Netflix’s ‘Man on Fire’ has no heat
A bloated, cliché-ridden adaptation buries Yahya Abdul-Mateen II’s charisma under a meandering plot that never ignites
When I first heard Netflix was making a new adaptation of Man on Fire, I thought to myself that this would probably be another unnecessary reboot but I kept an open mind.
This was mostly because of Yahya Abdul-Mateen II.
Having seen his performances in films like The Trial of the Chicago 7 and Candyman, I’ve come to regard Mateen as one of the most underrated leading men in Hollywood. Earlier this year, he starred in the Marvel series Wonder Man, which I absolutely loved.
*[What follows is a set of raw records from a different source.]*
(* Let $(\mathbf{X},\mathbf{A})\sim \textsf{CSBM}(n,p,q,\boldsymbol{\mu},\sigma^2)$ and suppose that $\|\boldsymbol{\mu}\|=\omega(\sigma\sqrt{\log n})$. Let $\Psi$ be the two-layer MLP attention architecture $$\Psi(\mathbf{X}_i,\mathbf{X}_j)=\boldsymbol{r}^T\,\mathrm{LeakyRelu}\!\left(\mathbf{S}\begin{bmatrix}\tilde{\boldsymbol{w}}^T\mathbf{X}_i\\ \tilde{\boldsymbol{w}}^T\mathbf{X}_j\end{bmatrix}\right),\quad \tilde{\boldsymbol{w}}=\frac{\boldsymbol{\mu}}{\|\boldsymbol{\mu}\|},\quad \mathbf{S}=\begin{bmatrix}1&1\\-1&-1\\1&-1\\-1&1\end{bmatrix},\quad \boldsymbol{r}=R\begin{bmatrix}1\\1\\-1\\-1\end{bmatrix},$$ with an arbitrary scaling parameter $R>0$ (LeakyRelu applied entrywise). Then with probability at least $1-o(1)$ over the data, $\Psi$ separates intra-class edges from inter-class edges, i.e. $\operatorname{sign}(\Psi(\mathbf{X}_i,\mathbf{X}_j))=-\operatorname{sign}(\Psi(\mathbf{X}_k,\mathbf{X}_\ell))$ whenever $(i,j)\in E$ is an intra-class edge and $(k,\ell)\in E$ is an inter-class edge.
   Context: CSBM: fix $n,d\in\mathbb{N}$, $\boldsymbol{\mu}\in\mathbb{R}^d$, $\sigma>0$, $p,q\in[0,1]$. Draw $\epsilon_1,\dots,\epsilon_n$ i.i.d. Bernoulli$(1/2)$ and set $C_k=\{j\in[n]:\epsilon_j=k\}$ for $k\in\{0,1\}$. Independently, $\mathbf{X}_i\sim N((2\epsilon_i-1)\boldsymbol{\mu},\sigma^2\mathbf{I})$, $\mathbf{X}_i\in\mathbb{R}^d$. The adjacency matrix $\mathbf{A}\in\{0,1\}^{n\times n}$ has independent entries $a_{ij}\sim\mathrm{Ber}(p)$ if $i,j$ lie in the same class and $a_{ij}\sim\mathrm{Ber}(q)$ otherwise; $E$ is the edge set of the graph $G=([n],E)$ with adjacency $\mathbf{A}$. An edge $(i,j)\in E$ is intra-class if $(i,j)\in C_0^2\cup C_1^2$ and inter-class otherwise. $\mathrm{LeakyRelu}(x)=x$ for $x\ge 0$ and $\beta x$ for $x<0$, for a fixed constant $\beta\in[0,1)$. Asymptotic notation refers to $n\to\infty$, with $p,q,\boldsymbol{\mu},\sigma,d$ allowed to depend on $n$. *)

theory Defs
  imports "HOL-Probability.Probability" "HOL-Library.Landau_Symbols"
begin

text \<open>Vectors in R^d are represented as functions nat => real, only indices k < d matter.
 Class labels: eps i = True means class C_1, False means C_0.\<close>

definition leaky_relu :: "real \<Rightarrow> real \<Rightarrow> real" where
  "leaky_relu \<beta> x = (if x \<ge> 0 then x else \<beta> * x)"

definition vnorm :: "nat \<Rightarrow> (nat \<Rightarrow> real) \<Rightarrow> real" where
  "vnorm d v = sqrt (\<Sum>k<d. (v k)\<^sup>2)"

definition vinner :: "nat \<Rightarrow> (nat \<Rightarrow> real) \<Rightarrow> (nat \<Rightarrow> real) \<Rightarrow> real" where
  "vinner d u v = (\<Sum>k<d. u k * v k)"

definition mlp_att :: "real \<Rightarrow> real \<Rightarrow> nat \<Rightarrow> (nat \<Rightarrow> real) \<Rightarrow> (nat \<Rightarrow> real) \<Rightarrow> (nat \<Rightarrow> real) \<Rightarrow> real" where
  "mlp_att \<beta> R d mu xi xj =
     (let w = (\<lambda>k. mu k / vnorm d mu);
          a = vinner d w xi; b = vinner d w xj;
          h = (\<lambda>i::nat. if i = 0 then a + b else if i = 1 then - a - b
                        else if i = 2 then a - b else b - a);
          r = (\<lambda>i::nat. if i = 0 then R else if i = 1 then R else if i = 2 then - R else - R)
      in (\<Sum>i<4. r i * leaky_relu \<beta> (h i)))"

definition labels_pmf :: "nat \<Rightarrow> (nat \<Rightarrow> bool) pmf" where
  "labels_pmf n = Pi_pmf {..<n} False (\<lambda>_. bernoulli_pmf (1/2))"

definition adj_pmf :: "nat \<Rightarrow> real \<Rightarrow> real \<Rightarrow> (nat \<Rightarrow> bool) \<Rightarrow> (nat \<times> nat \<Rightarrow> bool) pmf" where
  "adj_pmf n p q eps = Pi_pmf ({..<n} \<times> {..<n}) False
     (\<lambda>(i,j). bernoulli_pmf (if eps i = eps j then p else q))"

definition graph_pmf :: "nat \<Rightarrow> real \<Rightarrow> real \<Rightarrow> ((nat \<Rightarrow> bool) \<times> (nat \<times> nat \<Rightarrow> bool)) pmf" where
  "graph_pmf n p q = bind_pmf (labels_pmf n) (\<lambda>eps. map_pmf (\<lambda>A. (eps, A)) (adj_pmf n p q eps))"

definition feat_measure :: "nat \<Rightarrow> nat \<Rightarrow> (nat \<Rightarrow> real) \<Rightarrow> real \<Rightarrow> (nat \<Rightarrow> bool) \<Rightarrow> (nat \<Rightarrow> nat \<Rightarrow> real) measure" where
  "feat_measure n d mu \<sigma> eps = PiM {..<n} (\<lambda>i. PiM {..<d} (\<lambda>k.
      density lborel (normal_density ((if eps i then 1 else -1) * mu k) \<sigma>)))"

definition separates :: "nat \<Rightarrow> ((nat \<Rightarrow> real) \<Rightarrow> (nat \<Rightarrow> real) \<Rightarrow> real) \<Rightarrow> (nat \<Rightarrow> bool) \<Rightarrow> (nat \<times> nat \<Rightarrow> bool) \<Rightarrow> (nat \<Rightarrow> nat \<Rightarrow> real) \<Rightarrow> bool" where
  "separates n \<Psi> eps A X =
     (\<forall>i<n. \<forall>j<n. \<forall>k<n. \<forall>l<n.
        A (i,j) \<and> eps i = eps j \<and> A (k,l) \<and> eps k \<noteq> eps l \<longrightarrow>
          sgn (\<Psi> (X i) (X j)) = - sgn (\<Psi> (X k) (X l)))"

definition sep_prob :: "nat \<Rightarrow> nat \<Rightarrow> (nat \<Rightarrow> real) \<Rightarrow> real \<Rightarrow> real \<Rightarrow> real \<Rightarrow>
     ((nat \<Rightarrow> real) \<Rightarrow> (nat \<Rightarrow> real) \<Rightarrow> real) \<Rightarrow> real" where
  "sep_prob n d mu \<sigma> p q \<Psi> =
     measure_pmf.expectation (graph_pmf n p q)
       (\<lambda>(eps, A). measure (feat_measure n d mu \<sigma> eps)
          {X \<in> space (feat_measure n d mu \<sigma> eps). separates n \<Psi> eps A X})"

end

theory Submission
  imports Defs
begin

text \<open>Since \<open>LeakyRelu x + LeakyRelu (-x) = (1 - \<beta>) |x|\<close>, the attention score is
  \<open>\<Psi>(x, y) = R (1 - \<beta>) (|a + b| - |a - b|)\<close> with \<open>a, b\<close> the projections of \<open>x, y\<close> on
  \<open>\<mu> / \<parallel>\<mu>\<parallel>\<close>, so its sign is \<open>sgn a * sgn b\<close>. Hence \<open>\<Psi>\<close> separates the edges of any graph
  as soon as the projection of every node has the sign of its class. Each projection is
  \<open>N(\<plusminus>\<parallel>\<mu>\<parallel>, \<sigma>\<^sup>2)\<close>; Markov's inequality for the \<open>2k\<close>-th central moment with \<open>k \<approx> 2 ln n\<close>
  bounds the probability of a wrong sign by \<open>1/n\<^sup>2\<close> once \<open>\<parallel>\<mu>\<parallel> \<ge> 3 \<sigma> \<surd>(ln n)\<close>, and a
  union bound over the \<open>n\<close> nodes leaves a failure probability of at most \<open>1/n\<close>.
  The bound holds for every graph.\<close>

definition proj_dir :: "nat \<Rightarrow> (nat \<Rightarrow> real) \<Rightarrow> (nat \<Rightarrow> real) \<Rightarrow> real" where
  "proj_dir d mu x = vinner d (\<lambda>k. mu k / vnorm d mu) x"

lemma vnorm_nonneg: "0 \<le> vnorm d v"
  by (simp add: vnorm_def sum_nonneg)

lemma vinner_self: "vinner d v v = (vnorm d v)\<^sup>2"
  by (simp add: vinner_def vnorm_def sum_nonneg power2_eq_square)

lemma vinner_scale_left: "vinner d (\<lambda>k. c * u k) v = c * vinner d u v"
  by (simp add: vinner_def sum_distrib_left mult.assoc)

lemma vinner_scale_right: "vinner d u (\<lambda>k. c * v k) = c * vinner d u v"
  by (simp add: vinner_def sum_distrib_left mult.left_commute)

lemma vnorm_scale: "vnorm d (\<lambda>k. c * v k) = \<bar>c\<bar> * vnorm d v"
  by (simp add: vnorm_def power_mult_distrib real_sqrt_mult flip: sum_distrib_left)

lemma proj_dir_eq: "proj_dir d mu x = vinner d mu x / vnorm d mu"
  by (simp add: proj_dir_def vinner_def sum_divide_distrib)

subsection \<open>Linear functionals of independent Gaussians\<close>

lemma indep_vars_PiM_components:
  assumes prob: "\<And>k. k \<in> J \<Longrightarrow> prob_space (D k)"
    and sets: "\<And>k. k \<in> J \<Longrightarrow> sets (D k) = sets (M' k)" and "J \<noteq> {}"
  shows "prob_space.indep_vars (PiM J D) M' (\<lambda>k x. x k) J"
proof -
  interpret prob_space "PiM J D" by (rule prob_space_PiM) (rule prob)
  have rv: "random_variable (M' k) (\<lambda>x. x k)" if "k \<in> J" for k
    using measurable_component_singleton[OF that, of D] measurable_cong_sets[OF refl sets[OF that], of "PiM J D"]
    by simp
  have "distr (PiM J D) (PiM J M') (\<lambda>x. \<lambda>k\<in>J. x k) = distr (PiM J D) (PiM J D) (\<lambda>x. x)"
    by (rule distr_cong) (auto simp: sets space_PiM intro!: sets_PiM_cong)
  also have "\<dots> = PiM J (\<lambda>k. distr (PiM J D) (M' k) (\<lambda>x. x k))"
  proof (simp, rule PiM_cong)
    fix k assume k: "k \<in> J"
    have "distr (PiM J D) (M' k) (\<lambda>x. x k) = distr (PiM J D) (D k) (\<lambda>x. x k)"
      by (rule distr_cong) (auto simp: sets k)
    also have "\<dots> = D k" by (rule distr_PiM_component[OF prob k])
    finally show "D k = distr (PiM J D) (M' k) (\<lambda>x. x k)" by simp
  qed simp
  finally show ?thesis
    by (subst indep_vars_iff_distr_eq_PiM'[OF \<open>J \<noteq> {}\<close> rv])
qed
It took full advantage of Mateen’s natural charisma and his chemistry with Ben Kingsley, resulting in a show that felt more like a buddy comedy than a conventional superhero origin story.
It was with this in mind that I fired up Netflix to see Mateen’s latest performance. Man on Fire drops us into the action immediately, as we first meet Mateen’s John Creasy during a tactical operation in Mexico City.
Things go terribly wrong and Creasy is forced to watch his comrades get executed. Cut to four years later: Creasy is an alcoholic, struggling with PTSD and soon attempts to end his own life by ramming his car into a wall.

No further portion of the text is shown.